The Blackpool killer had stabbed his wife to death after she had called for a separation order in 1903.

What made it all the more interesting was that Starr had been accused of murdering another woman years earlier after a body was found floating in the Ribble.

He never admitted to the first murder. Read the full story here.

12. Louisa May Merrifield, the Blackpool poisoner

Poison is seen as a woman’s weapon, subtle, hard to detect and deadly in its beauty.

It was Louisa May Merrifield’s choice of weapon when it came to murdering her employer in April 1953 when she was in Blackpool.

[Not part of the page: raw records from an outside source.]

lemma path_end_orient:
  assumes "graph V E" "is_path V E p" "x = hd p \<or> x = last p"
  obtains p' where "is_path V E p'" "set p' = set p" "last p' = x" "hd p' = hd p \<or> hd p' = last p"
proof (cases "x = last p")
  case True
  then show thesis using that assms(2) by blast
next
  case False
  have "p \<noteq> []" using assms(2) by (auto simp: is_path_def)
  then show thesis
    using that[of "rev p"] assms False is_path_rev[OF assms(1,2)] by (auto simp: hd_rev last_rev)
qed

section \<open>Paths in trees\<close>

lemma tree_graph: "tree V E \<Longrightarrow> graph V E"
  by (simp add: tree_def)

lemma tree_no_chord:
  assumes "tree V E" "is_path V E p" "i + 2 \<le> k" "k < length p"
  shows "\<not> E (p ! i) (p ! k)"
proof
  assume chord: "E (p ! i) (p ! k)"
  let ?c = "take (k - i + 1) (drop i p)"
  have "hd ?c = p ! i" "last ?c = p ! k" "length ?c = k - i + 1"
    using assms(3,4) by (auto simp: hd_drop_conv_nth last_conv_nth)
  then have "is_cycle V E ?c"
    using is_path_infix[OF assms(2), of i k] assms(3,4) chord graph_symp[OF tree_graph[OF assms(1)]]
    by (auto simp: is_cycle_def dest: sympD)
  then show False using assms(1) by (simp add: tree_def)
qed

lemma tree_path_snoc_notin:
  assumes "tree V E" "is_path V E w" "2 \<le> length w" "E (last w) u" "u \<noteq> w ! (length w - 2)"
  shows "u \<notin> set w"
proof
  assume "u \<in> set w"
  then obtain k where k: "k < length w" "w ! k = u" by (meson in_set_conv_nth)
  have last: "last w = w ! (length w - 1)" using assms(3) by (subst last_conv_nth) auto
  then have "k \<noteq> length w - 1" using k assms(4) graph_irrefl[OF tree_graph[OF assms(1)]] by auto
  then have "k + 2 \<le> length w - 1" using k assms(5) by (cases "k = length w - 2") auto
  moreover have "E (w ! k) (w ! (length w - 1))"
    using assms(4) k last graph_symp[OF tree_graph[OF assms(1)]] by (auto dest: sympD)
  moreover have "length w - 1 < length w" using assms(3) by simp
  ultimately show False using tree_no_chord[OF assms(1,2), of k "length w - 1"] by simp
qed
(* Let $W$ be a right-angled Coxeter group with simple generators $S$, and let $x_1,x_2,y_1,y_2\in W$ form a butterfly. Then there exist $m\ge1$, $u,v\in W$, and non-commuting $s,s'\in S$ such that $x_1=u\cdot A^{(m)}(s,s')\cdot v$, $x_2=u\cdot A^{(m)}(s',s)\cdot v$, and $\{y_1,y_2\}=\{u\cdot A^{(m+1)}(s,s')\cdot v,\ u\cdot A^{(m+1)}(s',s)\cdot v\}$, where each of these four products is length-additive.
   Context: $W$ is right-angled: every two distinct simple generators either commute or generate an infinite dihedral group (no relation). $\ell$ is length, $\le$ Bruhat order, $\lessdot$ its covers. Elements $x_1,x_2,y_1,y_2$ with $x_1\ne x_2$, $y_1\ne y_2$ form a butterfly if $x_a\lessdot y_b$ for all $a,b\in\{1,2\}$. For non-commuting $s,s'\in S$, $A^{(m)}(s,s')=ss'ss'\cdots$ is the alternating product of $m$ factors beginning with $s$. A product $u\cdot a\cdot v$ is length-additive if $\ell(uav)=\ell(u)+\ell(a)+\ell(v)$. *)

theory Defs
  imports Main "HOL-Library.Sublist"
begin

text \<open>A right-angled Coxeter system is given by a set S of generators and a
commutation relation C on S (symmetric, irreflexive): distinct s, t in S commute
iff C s t, otherwise they generate an infinite dihedral group.  W is the group
presented by generators S and relations s s = 1 (s in S) and s t = t s (C s t).
Elements of W are represented by words over S (lists), modulo the congruence
generated by these relations; group multiplication is concatenation.\<close>

definition right_angled :: "'a set \<Rightarrow> ('a \<Rightarrow> 'a \<Rightarrow> bool) \<Rightarrow> bool" where
  "right_angled S C \<longleftrightarrow> (\<forall>s t. C s t \<longrightarrow> s \<in> S \<and> t \<in> S \<and> C t s \<and> s \<noteq> t)"

definition words :: "'a set \<Rightarrow> 'a list set" where
  "words S = {w. set w \<subseteq> S}"

inductive word_step :: "'a set \<Rightarrow> ('a \<Rightarrow> 'a \<Rightarrow> bool) \<Rightarrow> 'a list \<Rightarrow> 'a list \<Rightarrow> bool"
  for S C where
  cancel: "s \<in> S \<Longrightarrow> word_step S C (xs @ [s, s] @ ys) (xs @ ys)"
| swap: "C s t \<Longrightarrow> word_step S C (xs @ [s, t] @ ys) (xs @ [t, s] @ ys)"

definition eqW :: "'a set \<Rightarrow> ('a \<Rightarrow> 'a \<Rightarrow> bool) \<Rightarrow> 'a list \<Rightarrow> 'a list \<Rightarrow> bool" where
  "eqW S C = equivclp (word_step S C)"

definition len :: "'a set \<Rightarrow> ('a \<Rightarrow> 'a \<Rightarrow> bool) \<Rightarrow> 'a list \<Rightarrow> nat" where
  "len S C w = (LEAST n. \<exists>w'. eqW S C w' w \<and> length w' = n)"

definition bruhat_le :: "'a set \<Rightarrow> ('a \<Rightarrow> 'a \<Rightarrow> bool) \<Rightarrow> 'a list \<Rightarrow> 'a list \<Rightarrow> bool" where
  "bruhat_le S C u w \<longleftrightarrow> (\<exists>w' u'. eqW S C w' w \<and> length w' = len S C w \<and>
      subseq u' w' \<and> eqW S C u' u)"

definition bruhat_lt :: "'a set \<Rightarrow> ('a \<Rightarrow> 'a \<Rightarrow> bool) \<Rightarrow> 'a list \<Rightarrow> 'a list \<Rightarrow> bool" where
  "bruhat_lt S C u w \<longleftrightarrow> bruhat_le S C u w \<and> \<not> eqW S C u w"

definition bruhat_cover :: "'a set \<Rightarrow> ('a \<Rightarrow> 'a \<Rightarrow> bool) \<Rightarrow> 'a list \<Rightarrow> 'a list \<Rightarrow> bool" where
  "bruhat_cover S C u w \<longleftrightarrow> bruhat_lt S C u w \<and>
      \<not> (\<exists>z \<in> words S. bruhat_lt S C u z \<and> bruhat_lt S C z w)"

Merrifiled, who was known for being a serial drunk and a thief, mixed rodine and jam before giving her employer Mr Ricketts the deadly concoction.

She was found guilty but her elderly second husband, Alfred Merrifield, who seemed to be completely complicit in the crime, escaped without punishment.

Read the full story here.

13. Joseph Wren, the naval stoker who killed a child

Joseph Wren shocked Burnley when he killed a three-year-old boy in cold blood and left his corpse on a slag pile.

He would hand himself in to Burnley police station admitting to the crime and telling officers: “I don’t know what made me do it.”

His lawyer pleaded insanity on the part of Wren but, like so many cases at the time, this was ignored.

Wren’s death warrant was the first that, then Home Secretary, Winston Churchill signed in his new role.